PROBLEM STATEMENT >>
Nothing outside the stretch is wanted. Repeat exactly the lines of the listing below from the one that contains "f \<longleftrightarrow> (\<forall>vs" through the one that contains "(\<forall>\<xi>\<in>S. \<exists>\<phi>. \<phi>", both ends included.

EXERCISE INPUTS >>
--- START ---

(* Let $(V,\kappa,\varpi,\Theta)$ be a synergistic feedback quadruple relative to a compact set $\mathcal{A}$, with gap exceeding $\delta>0$, for the extended system, where $\kappa$ has the decomposition $\kappa(x,\theta)=\varsigma(x)+\Upsilon(x)\sigma(x,\theta)$, and suppose Assumption 1 holds with constant $c_\kappa>0$. Choose $0<\gamma_s<\delta/c_\kappa$ and $k_\eta>0$, and define $V_s,\kappa_s$ as below. Then $(V_s,\kappa_s,\varpi,\Theta)$ is a synergistic feedback quadruple relative to the set $\mathcal{A}_s=\{(x,\eta,\theta)\in\mathcal{X}_s\times\mathbb{R}^r:(x,\theta)\in\mathcal{A},\ \eta=\sigma(x,\theta)\}$ for the smooth extended system, with gap exceeding any $\delta_s\in(0,\delta-\gamma_sc_\kappa]$.
   Context: Let $\mathcal{X}\subseteq\mathbb{R}^n$ be closed and nonempty, and let $f:\mathcal{X}\to\mathbb{R}^n$, $g:\mathcal{X}\to\mathbb{R}^{n\times m}$ be smooth, defining the control system $\dot x=f(x)+g(x)u$. Let $r\ge 1$, let $\Theta\subset\mathbb{R}^r$ be finite and nonempty, and let $\varpi:\mathcal{X}\times\mathbb{R}^r\to\mathbb{R}^r$ be smooth. The extended system is $\frac{d}{dt}(x,\theta)=f_c(x,\theta)+g_c(x,\theta)u$ with $f_c(x,\theta)=(f(x),\varpi(x,\theta))$ and $g_c(x,\theta)=(g(x),0)$. General definitions (for any system $\dot z=\tilde f(z,\theta)+\tilde g(z,\theta)v$ on $\mathcal{Z}\times\mathbb{R}^r$, $\mathcal{Z}$ closed, with $\dot\theta$ being the last block of the drift): for smooth $W:\mathcal{Z}\times\mathbb{R}^r\to\mathbb{R}_{\ge0}$ and feedback $k$, $\mu_{W,\Theta}(z,\theta)=W(z,\theta)-\min_{\bar\theta\in\Theta}W(z,\bar\theta)$; $\mathcal{E}_W=\{(z,\theta):\langle\nabla W,\tilde f+\tilde g k\rangle=0\}$ with $\nabla W$ the full gradient; $\Psi_W\subseteq\mathcal{E}_W$ is the largest subset of $\mathcal{E}_W$ that is weakly invariant (weakly forward and backward invariant) for the closed-loop flow $\dot z=\tilde f+\tilde gk$. Given compact $\mathcal{A}'$ and $\delta'>0$, $(W,k,\varpi,\Theta)$ is a synergistic feedback quadruple relative to $\mathcal{A}'$ for that system with gap exceeding $\delta'$ if (C1) every sublevel set $\{W\le\epsilon\}$, $\epsilon\ge0$, is compact; (C2) $W$ is positive definite with respect to $\mathcal{A}'$; (C3) $\langle\nabla W,\tilde f+\tilde gk\rangle\le0$ everywhere; (C4) $\inf_{\Psi_W\setminus\mathcal{A}'}\mu_{W,\Theta}>\delta'$. (For the extended system this is applied with $z=x$, $\tilde f=f_c$, $\tilde g=g_c$.) Decomposition: $\varsigma:\mathcal{X}\to\mathbb{R}^m$, $\Upsilon:\mathcal{X}\to\mathbb{R}^{m\times s}$, $\sigma:\mathcal{X}\times\mathbb{R}^r\to\mathbb{R}^s$ smooth with $\kappa(x,\theta)=\varsigma(x)+\Upsilon(x)\sigma(x,\theta)$; set $\bar\kappa(x,\eta)=\varsigma(x)+\Upsilon(x)\eta$ for $\eta\in\mathbb{R}^s$. Assumption 1: there is $c_\kappa>0$ with $\max_{\bar\theta\in\Theta}\|\sigma(x,\theta)-\sigma(x,\bar\theta)\|^2\le2c_\kappa$ for all $(x,\theta)\in\Psi_V\setminus\mathcal{A}$, where $\Psi_V$ is defined for the extended system with $W=V$, $k=\kappa$. Smooth extended system: state $x_s=(x,\eta)\in\mathcal{X}_s:=\mathcal{X}\times\mathbb{R}^s$ and $\theta\in\mathbb{R}^r$, with $\dot x=f(x)+g(x)\bar\kappa(x,\eta)$, $\dot\eta=u_s$, $\dot\theta=\varpi(x,\theta)$, i.e. drift $f_s=(f+g\bar\kappa,0,\varpi)$ and input matrix $g_s=(0,I_s,0)$. $V_s(x_s,\theta)=V(x,\theta)+\frac{\gamma_s}{2}\|\eta-\sigma(x,\theta)\|^2$, and $\kappa_s(x_s,\theta)=-k_\eta(\eta-\sigma(x,\theta))+\mathcal{D}_t\sigma(x,\theta)-\frac{1}{\gamma_s}\Upsilon(x)^\top g(x)^\top\nabla_xV(x,\theta)$, where $\mathcal{D}_t\sigma(x,\theta)=\mathcal{D}_x\sigma(x,\theta)(f(x)+g(x)\bar\kappa(x,\eta))+\mathcal{D}_\theta\sigma(x,\theta)\varpi(x,\theta)$ and $\mathcal{D}_x,\mathcal{D}_\theta$ denote Jacobians. *)

theory Defs
  imports "HOL-Analysis.Analysis"
begin

fun iter_dderiv :: "'a list \<Rightarrow> ('a::real_normed_vector \<Rightarrow> 'b::real_normed_vector) \<Rightarrow> 'a \<Rightarrow> 'b" where
  "iter_dderiv [] f = f"
| "iter_dderiv (v # vs) f = (\<lambda>x. frechet_derivative (iter_dderiv vs f) (at x) v)"

definition smooth :: "('a::real_normed_vector \<Rightarrow> 'b::real_normed_vector) \<Rightarrow> bool" where
  "smooth f \<longleftrightarrow> (\<forall>vs x. iter_dderiv vs f differentiable (at x))"

definition closed_loop :: "('p \<Rightarrow> 'p::real_normed_vector) \<Rightarrow> ('p \<Rightarrow> 'v \<Rightarrow> 'p) \<Rightarrow> ('p \<Rightarrow> 'v) \<Rightarrow> 'p \<Rightarrow> 'p" where
  "closed_loop ft gt k p = ft p + gt p (k p)"

definition flow_solution_on :: "'p set \<Rightarrow> ('p \<Rightarrow> 'p::real_normed_vector) \<Rightarrow> (real \<Rightarrow> 'p) \<Rightarrow> real \<Rightarrow> bool" where
  "flow_solution_on D F \<phi> T \<longleftrightarrow> 0 \<le> T \<and>
     (\<forall>t\<in>{0..T}. \<phi> t \<in> D \<and> (\<phi> has_vector_derivative F (\<phi> t)) (at t within {0..T}))"

definition complete_solution :: "'p set \<Rightarrow> ('p \<Rightarrow> 'p::real_normed_vector) \<Rightarrow> (real \<Rightarrow> 'p) \<Rightarrow> bool" where
  "complete_solution D F \<phi> \<longleftrightarrow>
     (\<forall>t\<in>{0..}. \<phi> t \<in> D \<and> (\<phi> has_vector_derivative F (\<phi> t)) (at t within {0..}))"

definition weakly_forward_invariant :: "'p set \<Rightarrow> ('p \<Rightarrow> 'p::real_normed_vector) \<Rightarrow> 'p set \<Rightarrow> bool" where
  "weakly_forward_invariant D F S \<longleftrightarrow>
     (\<forall>\<xi>\<in>S. \<exists>\<phi>. \<phi> 0 = \<xi> \<and> complete_solution D F \<phi> \<and> (\<forall>t\<in>{0..}. \<phi> t \<in> S))"

definition weakly_backward_invariant :: "'p set \<Rightarrow> ('p \<Rightarrow> 'p::real_normed_vector) \<Rightarrow> 'p set \<Rightarrow> bool" where
  "weakly_backward_invariant D F S \<longleftrightarrow>
     (\<forall>q\<in>S. \<forall>N>0. \<exists>\<xi>0\<in>S. \<exists>\<phi> T. \<phi> 0 = \<xi>0 \<and> N \<le> T \<and> flow_solution_on D F \<phi> T
         \<and> \<phi> T = q \<and> (\<forall>t\<in>{0..T}. \<phi> t \<in> S))"

definition weakly_invariant :: "'p set \<Rightarrow> ('p \<Rightarrow> 'p::real_normed_vector) \<Rightarrow> 'p set \<Rightarrow> bool" where
  "weakly_invariant D F S \<longleftrightarrow> weakly_forward_invariant D F S \<and> weakly_backward_invariant D F S"
(* Let $k$ be a field of characteristic not $2$ or $3$, let $\mathcal{A}\in k^{n+1}\otimes(\bigoplus_{l=1}^r\operatorname{Sym}_2k^{d_l})$ be a block-diagonal tensor with $r$ blocks, and let $X\subseteq\mathbb{P}^n$ be the associated intersection of symmetroids, assumed to be a complete intersection. Let $x$ be a smooth (not necessarily closed) point of $X$. Then the image of $\mathbb{P}(\ker\mathcal{A}(x,\cdot,\cdot))\subseteq\mathbb{P}^m$ under $\psi$ is a linear space in $\widehat{\mathbb{P}}^n$ of dimension $r-1$, and this linear space is precisely the space of hyperplanes in $\mathbb{P}^n$ containing the tangent space $T_xX$.
   Context: $d_l\ge2$, $m+1=\sum d_l$; $\mathcal{A}$ is an $(n+1)$-tuple $(A_0,\dots,A_n)$ of symmetric block-diagonal $(m+1)\times(m+1)$ matrices with blocks $\mathcal{A}^{(l)}$ of sizes $d_l$; $\mathcal{A}(x,\cdot,\cdot)=\sum x_iA_i$. Standing conventions: no block identically zero, each $\det\mathcal{A}^{(l)}(\mathbf{x},\cdot,\cdot)$ reduced and irreducible. $X=\bigcap_lZ(\det\mathcal{A}^{(l)}(\mathbf{x},\cdot,\cdot))$. $\psi:\mathbb{P}^m\dashrightarrow\widehat{\mathbb{P}}^n$, $y\mapsto(y^TA_0y:\dots:y^TA_ny)$, points of $\widehat{\mathbb{P}}^n$ being identified with hyperplanes of $\mathbb{P}^n$. *)

theory Defs
  imports "Jordan_Normal_Form.Determinant" "HOL-Library.Poly_Mapping"
    "HOL-Computational_Algebra.Polynomial" "HOL-Computational_Algebra.Factorial_Ring"
begin

text \<open>The tuple (A_0,...,A_n) is given as a function
  A :: nat => nat => nat => 'k, where A i a b is the (a,b) entry of A_i
  (indices 0..m, i.e. a,b < D where D = m+1 = sum of the block sizes). Block l occupies the index range
  [blk_start d l, blk_start d l + d l). Vectors in k^(n+1), K^(m+1) are
  functions nat => _ of which only the first n+1 resp. m+1 coordinates matter.\<close>

definition blk_start :: "(nat \<Rightarrow> nat) \<Rightarrow> nat \<Rightarrow> nat" where
  "blk_start d l = (\<Sum>j<l. d j)"

definition in_block :: "(nat \<Rightarrow> nat) \<Rightarrow> nat \<Rightarrow> nat \<Rightarrow> bool" where
  "in_block d l a \<longleftrightarrow> blk_start d l \<le> a \<and> a < blk_start d l + d l"

definition sym_block_diag_tuple ::
  "nat \<Rightarrow> nat \<Rightarrow> (nat \<Rightarrow> nat) \<Rightarrow> (nat \<Rightarrow> nat \<Rightarrow> nat \<Rightarrow> 'k::zero) \<Rightarrow> bool" where
  "sym_block_diag_tuple n r d A \<longleftrightarrow>
     (\<forall>i\<le>n. \<forall>a<sum d {..<r}. \<forall>b<sum d {..<r}. A i a b = A i b a) \<and>
     (\<forall>i\<le>n. \<forall>a<sum d {..<r}. \<forall>b<sum d {..<r}.
        \<not> (\<exists>l<r. in_block d l a \<and> in_block d l b) \<longrightarrow> A i a b = 0)"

--- END ---

ANSWER TO THIS TASK >>
  "smooth f \<longleftrightarrow> (\<forall>vs x. iter_dderiv vs f differentiable (at x))"

definition closed_loop :: "('p \<Rightarrow> 'p::real_normed_vector) \<Rightarrow> ('p \<Rightarrow> 'v \<Rightarrow> 'p) \<Rightarrow> ('p \<Rightarrow> 'v) \<Rightarrow> 'p \<Rightarrow> 'p" where
  "closed_loop ft gt k p = ft p + gt p (k p)"

definition flow_solution_on :: "'p set \<Rightarrow> ('p \<Rightarrow> 'p::real_normed_vector) \<Rightarrow> (real \<Rightarrow> 'p) \<Rightarrow> real \<Rightarrow> bool" where
  "flow_solution_on D F \<phi> T \<longleftrightarrow> 0 \<le> T \<and>
     (\<forall>t\<in>{0..T}. \<phi> t \<in> D \<and> (\<phi> has_vector_derivative F (\<phi> t)) (at t within {0..T}))"

definition complete_solution :: "'p set \<Rightarrow> ('p \<Rightarrow> 'p::real_normed_vector) \<Rightarrow> (real \<Rightarrow> 'p) \<Rightarrow> bool" where
  "complete_solution D F \<phi> \<longleftrightarrow>
     (\<forall>t\<in>{0..}. \<phi> t \<in> D \<and> (\<phi> has_vector_derivative F (\<phi> t)) (at t within {0..}))"

definition weakly_forward_invariant :: "'p set \<Rightarrow> ('p \<Rightarrow> 'p::real_normed_vector) \<Rightarrow> 'p set \<Rightarrow> bool" where
  "weakly_forward_invariant D F S \<longleftrightarrow>
     (\<forall>\<xi>\<in>S. \<exists>\<phi>. \<phi> 0 = \<xi> \<and> complete_solution D F \<phi> \<and> (\<forall>t\<in>{0..}. \<phi> t \<in> S))"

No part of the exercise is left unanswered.